Долго шел по длиннющим причалам. Не потому, вовсе, что жалко было тех несчастных пяти евро на проезд – такси в этот час сюда не частили. Так и дошел почти до половины пути – до самого цементного завода, - пока не показалось, наконец, зелено буквенное «Libre», да не развернулось по мановению руки, скорости почти не сбавляя: лихие эти канарские ребята!
На полупустом автовокзале, умощенном в раковине окрестных площадей и автострад, стало чуть веселей: милые бары в любой стороне этого острова всегда были рады Оглоблину. «Con pan I con vino bjen se anda el camino» - с хлебом и вином дорога не тяжела – это Оглоблин в свое время усвоил готовно и быстро. Так что, хлебнув пару пятидесятиграммовых «кубат» виски, в ожидание своего автобуса додумался угостить мороженым продавщицу, кутающуюся в меховую куртку: «Mучо фрио!» - десять градусов тепла декабрьского дня для жителей острова действительно - настоящий холод.
Скоро комфортабельный автобус унес Оглоблина в горы – зябкие и неуютные в это время года. Горы, с которых и покатилось его победное шествие тогда, больше уже десяти лет назад. И Оглоблин вздохнул печально про себя: как время летит! И он уже не тот, и не насовершать ему здесь больше подобных подвигов, и не глядеть на звезды, что тут выше облаков, и не снимать их руками жаркими днями работы: все уже в прошлом. И это надо спокойно принять, да, он уже и принял давно, и даже стал забывать, как все то было неправдоподобно, нереально прекрасно.

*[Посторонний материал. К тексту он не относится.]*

(* Let $1<p<\infty$, $0<\alpha<\frac np$, $0<q<p-1$, and let $\nu,\sigma$ be nonnegative locally finite Radon measures on $\mathbb{R}^n$. Then there is a constant $C>0$ depending only on $p,q,\alpha,n$ such that $$\mathbf{W}[(\mathbf{W}\nu)^q\,d\sigma](x)\le C\,(\mathbf{W}\nu(x))^{\frac q{p-1}}\Big[\mathbf{W}\sigma(x)+(\mathbf{K}\sigma(x))^{\frac{p-1-q}{p-1}}\Big],\qquad x\in\mathbb{R}^n.$$
   Context: $\mathbf{W}\nu(x)=\mathbf{W}_{\alpha,p}\nu(x)=\int_0^\infty\big[\nu(B(x,t))/t^{n-\alpha p}\big]^{\frac1{p-1}}\frac{dt}{t}$, with $B(x,t)$ the ball of radius $t$ centered at $x$. For a Borel set $E$, $\kappa(E)$ is the least constant such that $\|\mathbf{W}\nu\|_{L^q(d\sigma_E)}\le\kappa(E)\,\nu(\mathbb{R}^n)^{\frac1{p-1}}$ for all nonnegative Radon measures $\nu$, where $\sigma_E$ is the restriction of $\sigma$ to $E$. The intrinsic potential is $\mathbf{K}\sigma(x)=\mathbf{K}_{\alpha,p,q}\sigma(x)=\int_0^\infty\Big[\frac{\kappa(B(x,t))^{\frac{q(p-1)}{p-1-q}}}{t^{n-\alpha p}}\Big]^{\frac1{p-1}}\frac{dt}{t}$. *)

theory Defs
  imports "HOL-Analysis.Analysis"
begin

text \<open>Real powers of extended nonnegative reals (only used with positive exponents):
  \<open>\<infinity>\<close> to a positive power is \<open>\<infinity>\<close>.\<close>
definition epow :: "ennreal \<Rightarrow> real \<Rightarrow> ennreal" where
  "epow x r = (if x = \<infinity> then (if r > 0 then \<infinity> else if r = 0 then 1 else 0)
               else ennreal (enn2real x powr r))"

text \<open>Nonnegative locally finite Borel (= Radon on R^n) measures.\<close>
definition locfin_measure :: "'a::euclidean_space measure \<Rightarrow> bool" where
  "locfin_measure M \<longleftrightarrow> sets M = sets borel \<and> (\<forall>K. compact K \<longrightarrow> emeasure M K < \<infinity>)"

definition wolff :: "real \<Rightarrow> real \<Rightarrow> 'a::euclidean_space measure \<Rightarrow> 'a \<Rightarrow> ennreal" where
  "wolff \<alpha> p \<mu> x = (\<integral>\<^sup>+ t\<in>{0<..}.
      epow (emeasure \<mu> (ball x t) / ennreal (t powr (real DIM('a) - \<alpha> * p))) (1 / (p - 1))
      * ennreal (1 / t) \<partial>lborel)"

definition Lq_on :: "real \<Rightarrow> 'a measure \<Rightarrow> 'a set \<Rightarrow> ('a \<Rightarrow> ennreal) \<Rightarrow> ennreal" where
  "Lq_on q \<sigma> E f = epow (\<integral>\<^sup>+ y\<in>E. epow (f y) q \<partial>\<sigma>) (1 / q)"

definition kappa :: "real \<Rightarrow> real \<Rightarrow> real \<Rightarrow> 'a::euclidean_space measure \<Rightarrow> 'a set \<Rightarrow> ennreal" where
  "kappa \<alpha> p q \<sigma> E = Inf {C. \<forall>\<nu>::'a measure. locfin_measure \<nu> \<longrightarrow>
       Lq_on q \<sigma> E (wolff \<alpha> p \<nu>) \<le> C * epow (emeasure \<nu> UNIV) (1 / (p - 1))}"

definition intrinsic_pot :: "real \<Rightarrow> real \<Rightarrow> real \<Rightarrow> 'a::euclidean_space measure \<Rightarrow> 'a \<Rightarrow> ennreal" where
  "intrinsic_pot \<alpha> p q \<sigma> x = (\<integral>\<^sup>+ t\<in>{0<..}.
      epow (epow (kappa \<alpha> p q \<sigma> (ball x t)) (q * (p - 1) / (p - 1 - q))
             / ennreal (t powr (real DIM('a) - \<alpha> * p))) (1 / (p - 1))
      * ennreal (1 / t) \<partial>lborel)"

end

(* For y in B(x,t), the Wolff potential of nu at y sees only nu restricted to B(x,2t) at
   scales r < t, while for r >= t the ball B(y,r) lies in B(x,2r); hence
     W nu(y) <= W(nu restricted to B(x,2t))(y) + 2^((n - alpha p)/(p-1)) W nu(x).
   Raising this to the power q and integrating over B(x,t) against sigma, the definition of
   kappa gives
     ((W nu)^q sigma)(B(x,t)) <~ kappa(B(x,t))^q nu(B(x,2t))^(q/(p-1)) + (W nu(x))^q sigma(B(x,t)).
   Inserted into the Wolff potential at x, the second term yields (W nu(x))^(q/(p-1)) W sigma(x);
   Hoelder's inequality with exponents (p-1)/q and (p-1)/(p-1-q) bounds the first one by
   (W nu(x))^(q/(p-1)) (K sigma(x))^((p-1-q)/(p-1)), because integrating nu(B(x,2t)) in place
   of nu(B(x,t)) only rescales W nu(x) by a constant. *)

theory Submission
  imports Defs
begin

lemma epow_0 [simp]: "r > 0 \<Longrightarrow> epow 0 r = 0"
  by (simp add: epow_def)

lemma epow_top [simp]: "r > 0 \<Longrightarrow> epow top r = top"
  by (simp add: epow_def)

lemma epow_ennreal: "c \<ge> 0 \<Longrightarrow> epow (ennreal c) r = ennreal (c powr r)"
  by (simp add: epow_def)

lemma epow_eq_0_iff: "r > 0 \<Longrightarrow> epow a r = 0 \<longleftrightarrow> a = 0"
  by (cases a) (auto simp: epow_def)

lemma epow_mono: "r > 0 \<Longrightarrow> a \<le> b \<Longrightarrow> epow a r \<le> epow b r"
  by (cases a; cases b) (auto simp: epow_ennreal powr_mono2 top_unique ennreal_leI)

lemma epow_mult: "r > 0 \<Longrightarrow> epow (a * b) r = epow a r * epow b r"
  by (cases a; cases b)
    (auto simp: epow_ennreal powr_mult ennreal_mult_top ennreal_top_mult epow_eq_0_iff
      simp flip: ennreal_mult')

lemma epow_1 [simp]: "epow a 1 = a"
  by (cases a) (auto simp: epow_def)

lemma epow_epow: "r > 0 \<Longrightarrow> s > 0 \<Longrightarrow> epow (epow a r) s = epow a (r * s)"
  by (cases a) (auto simp: epow_def powr_powr)

lemma epow_add_le:
  assumes "r > 0"
  shows "epow (a + b) r \<le> ennreal (2 powr r) * (epow a r + epow b r)"
proof -
  have "epow (a + b) r \<le> epow (2 * max a b) r"
    by (intro epow_mono assms) (metis add_mono max.cobounded1 max.cobounded2 mult_2)
  also have "\<dots> = ennreal (2 powr r) * epow (max a b) r"
    using assms by (simp add: epow_mult epow_ennreal[of 2, simplified])
  also have "epow (max a b) r \<le> epow a r + epow b r"
    using assms by (cases "a \<le> b") (auto simp: max_def add_increasing add_increasing2)
  finally show ?thesis
    by (simp add: mult_left_mono)
qed

lemma epow_divide_ennreal:
  assumes "r > 0" "c > 0"
  shows "epow (a / ennreal c) r = epow a r * ennreal (c powr (- r))"
proof -
  have "a / ennreal c = a * ennreal (1 / c)"
    using assms by (simp add: divide_ennreal_def ennreal_inverse_positive flip: divide_ennreal)
  then show ?thesis
    using assms by (simp add: epow_mult epow_ennreal powr_minus_divide powr_divide)
qed

lemma borel_measurable_epow [measurable]:
  assumes [measurable]: "f \<in> borel_measurable M"
  shows "(\<lambda>x. epow (f x) r) \<in> borel_measurable M"
  unfolding epow_def by measurable

lemma ennreal_Youngs_inequality:
  assumes "0 < \<theta>" "\<theta> < 1"
  shows "epow a \<theta> * epow b (1 - \<theta>) \<le> ennreal \<theta> * a + ennreal (1 - \<theta>) * b"
proof (cases "a = 0 \<or> b = 0 \<or> a = top \<or> b = top")
  case True
  then show ?thesis
    using assms by (auto simp: ennreal_mult_top)
next
  case False
  then obtain x y where "a = ennreal x" "b = ennreal y" "x > 0" "y > 0"
    by (cases a; cases b) auto
  moreover have "x powr \<theta> * y powr (1 - \<theta>) \<le> \<theta> * x + (1 - \<theta>) * y"
    using Youngs_inequality_0[of \<theta> "1 - \<theta>" x y] assms calculation by auto
  ultimately show ?thesis
    using assms by (simp add: epow_ennreal ennreal_leI del: ennreal_plus
      flip: ennreal_mult' ennreal_plus)
qed

lemma ennreal_Youngs_inequality_scaled:
  fixes U V :: ennreal
  assumes \<theta>: "0 < \<theta>" "\<theta> < 1" and UV: "U \<noteq> 0" "U \<noteq> top" "V \<noteq> 0" "V \<noteq> top"
  shows "epow a \<theta> * epow b (1 - \<theta>)
    \<le> epow U \<theta> * epow V (1 - \<theta>) * (ennreal \<theta> * (a / U) + ennreal (1 - \<theta>) * (b / V))"
proof -
  have "U * (a / U) = a" "V * (b / V) = b"
    using UV by (simp_all add: ennreal_times_divide mult.commute[of U a] mult.commute[of V b]
      mult_divide_eq_ennreal)
  then have "epow a \<theta> * epow b (1 - \<theta>) = epow (U * (a / U)) \<theta> * epow (V * (b / V)) (1 - \<theta>)"
    by simp
  also have "\<dots> = epow U \<theta> * epow V (1 - \<theta>) * (epow (a / U) \<theta> * epow (b / V) (1 - \<theta>))"
    using \<theta> by (simp add: epow_mult mult_ac)
  also have "\<dots> \<le> epow U \<theta> * epow V (1 - \<theta>) * (ennreal \<theta> * (a / U) + ennreal (1 - \<theta>) * (b / V))"
    by (intro mult_left_mono ennreal_Youngs_inequality \<theta>) simp
  finally show ?thesis .
qed

lemma nn_integral_Holder:
  assumes [measurable]: "u \<in> borel_measurable M" "v \<in> borel_measurable M"
    and \<theta>: "0 < \<theta>" "\<theta> < 1"
  shows "(\<integral>\<^sup>+ x. epow (u x) \<theta> * epow (v x) (1 - \<theta>) \<partial>M)
    \<le> epow (\<integral>\<^sup>+ x. u x \<partial>M) \<theta> * epow (\<integral>\<^sup>+ x. v x \<partial>M) (1 - \<theta>)"
proof -
  define U where "U = (\<integral>\<^sup>+ x. u x \<partial>M)"
  define V where "V = (\<integral>\<^sup>+ x. v x \<partial>M)"
  consider "U = 0 \<or> V = 0" | "U \<noteq> 0" "V \<noteq> 0" "U = top \<or> V = top"
    | "U \<noteq> 0" "U \<noteq> top" "V \<noteq> 0" "V \<noteq> top"
    by blast
  then show ?thesis
  proof cases
    case 1
    then have "AE x in M. u x = 0 \<or> v x = 0"
      by (auto simp: U_def V_def nn_integral_0_iff_AE elim: eventually_mono)
    then have "(\<integral>\<^sup>+ x. epow (u x) \<theta> * epow (v x) (1 - \<theta>) \<partial>M) = (\<integral>\<^sup>+ x. 0 \<partial>M)"
      by (intro nn_integral_cong_AE) (auto elim!: eventually_mono simp: \<theta>)
    then show ?thesis
      by simp
  next
    case 2
    then have "epow U \<theta> * epow V (1 - \<theta>) = top"
      using \<theta> by (auto simp: epow_eq_0_iff ennreal_mult_top ennreal_top_mult)
    then show ?thesis
      by (simp add: U_def V_def)
  next
    case 3
    have "(\<integral>\<^sup>+ x. epow (u x) \<theta> * epow (v x) (1 - \<theta>) \<partial>M)
        \<le> (\<integral>\<^sup>+ x. epow U \<theta> * epow V (1 - \<theta>)
             * (ennreal \<theta> * (u x / U) + ennreal (1 - \<theta>) * (v x / V)) \<partial>M)"
      by (intro nn_integral_mono ennreal_Youngs_inequality_scaled \<theta> 3)
    also have "\<dots> = epow U \<theta> * epow V (1 - \<theta>) * (ennreal \<theta> * (U / U) + ennreal (1 - \<theta>) * (V / V))"
      by (simp add: nn_integral_cmult nn_integral_add nn_integral_divide U_def V_def)
    also have "\<dots> = epow U \<theta> * epow V (1 - \<theta>)"
      using 3 \<theta> by (simp add: top.not_eq_extremum flip: ennreal_plus)
    finally show ?thesis
      unfolding U_def V_def .
  qed
qed

lemma borel_measurable_mono_ennreal:
  fixes f :: "real \<Rightarrow> ennreal"
  assumes "mono f"
  shows "f \<in> borel_measurable borel"
proof (rule borel_measurableI_greater)
  fix y
  have "is_interval {x. y < f x}"
    unfolding is_interval_1 using assms by (auto dest: monoD intro: less_le_trans)
  then show "{x \<in> space borel. y < f x} \<in> sets borel"
    by (simp add: real_interval_borel_measurable)
qed

lemma locfin_measure_sigma_finite:
  fixes \<mu> :: "'a::euclidean_space measure"
  assumes "locfin_measure \<mu>"
  shows "sigma_finite_measure \<mu>"
proof
  have sets: "sets \<mu> = sets borel"
    using assms by (simp add: locfin_measure_def)
  let ?A = "range (\<lambda>n::nat. cball (0::'a) (real n))"
  have "\<Union> ?A = UNIV"
    by (auto simp: mem_cball_0 intro: real_arch_simple)
  moreover have "emeasure \<mu> a \<noteq> \<infinity>" if "a \<in> ?A" for a
  proof -
    have "compact a"
      using that by auto
    then show ?thesis
      using assms by (simp add: locfin_measure_def less_top)
  qed
  moreover have "?A \<subseteq> sets \<mu>"
    unfolding sets by (auto intro: borel_closed)
  ultimately show "\<exists>A. countable A \<and> A \<subseteq> sets \<mu> \<and> \<Union> A = space \<mu> \<and> (\<forall>a\<in>A. emeasure \<mu> a \<noteq> \<infinity>)"
    using sets_eq_imp_space_eq[OF sets] by (intro exI[of _ ?A]) simp
qed

lemma locfin_measure_restricted:
  fixes \<nu> :: "'a::euclidean_space measure"
  assumes "locfin_measure \<nu>" "B \<in> sets borel"
  shows "locfin_measure (density \<nu> (indicator B))"
  unfolding locfin_measure_def
proof (intro conjI allI impI)
  have sets: "sets \<nu> = sets borel"
    using assms by (simp add: locfin_measure_def)
  then show "sets (density \<nu> (indicator B)) = sets borel"
    by simp
  fix K :: "'a set"
  assume "compact K"
  then have "emeasure (density \<nu> (indicator B)) K = emeasure \<nu> (B \<inter> K)"
    using assms sets by (simp add: emeasure_restricted borel_compact)
  also have "\<dots> \<le> emeasure \<nu> K"
    using sets \<open>compact K\<close> by (intro emeasure_mono) (simp_all add: borel_compact)
  also have "\<dots> < \<infinity>"
    using assms \<open>compact K\<close> by (simp add: locfin_measure_def)
  finally show "emeasure (density \<nu> (indicator B)) K < \<infinity>" .
qed

lemma borel_measurable_emeasure_ball:
  fixes \<mu> :: "'a::euclidean_space measure"
  assumes "locfin_measure \<mu>"
  shows "(\<lambda>yt. emeasure \<mu> (ball (fst yt) (snd yt))) \<in> borel_measurable (borel \<Otimes>\<^sub>M lborel)"
proof -
  interpret sigma_finite_measure \<mu>
    using assms by (rule locfin_measure_sigma_finite)
  have sets: "sets \<mu> = sets borel"
    using assms by (simp add: locfin_measure_def)
  define Q :: "(('a \<times> real) \<times> 'a) set" where "Q = {((y, t), z). dist y z < t}"
  have "open Q"
  proof -
    have "Q = {w. dist (fst (fst w)) (snd w) < snd (fst w)}"
      by (auto simp: Q_def)
    then show ?thesis
      by (simp add: open_Collect_less continuous_intros)
  qed
  moreover have "sets ((borel \<Otimes>\<^sub>M lborel) \<Otimes>\<^sub>M \<mu>) = sets (borel :: (('a \<times> real) \<times> 'a) measure)"
    using sets by (simp add: borel_prod[symmetric] cong: sets_pair_measure_cong)
  ultimately have "(\<lambda>yt. emeasure \<mu> (Pair yt -` Q)) \<in> borel_measurable (borel \<Otimes>\<^sub>M lborel)"
    by (intro measurable_emeasure_Pair) simp
  moreover have "Pair yt -` Q = ball (fst yt) (snd yt)" for yt
    by (auto simp: Q_def ball_def)
  ultimately show ?thesis
    by (simp add: case_prod_beta')
qed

В горном местечке за какие-то три-четыре часа Оглоблин повстречался чуть не со всеми друзьями и знакомыми – случайно, на улице, у собора. И ровно все задавали один и тот же вопрос: Андрэс все уже – здесь живет?.. А почему?
Его здесь помнили.
Но, надо было возвращаться…
Приехав обратно в Лас-Пальмас, Оглоблин еще побродил в узких улочках Вегеты – исторического района города. И, хлебнув еще пару кубат в одном из многочисленных баров, пошел на выход - мимо величественного «Катедраля» - Канарского собора. И можно было уже поймать такси, что снуют здесь каждую минуту, но он все никак не мог расстаться с сегодняшним праздным днём, и все шел уже в другом, полном снующих по своим делам людей, району города.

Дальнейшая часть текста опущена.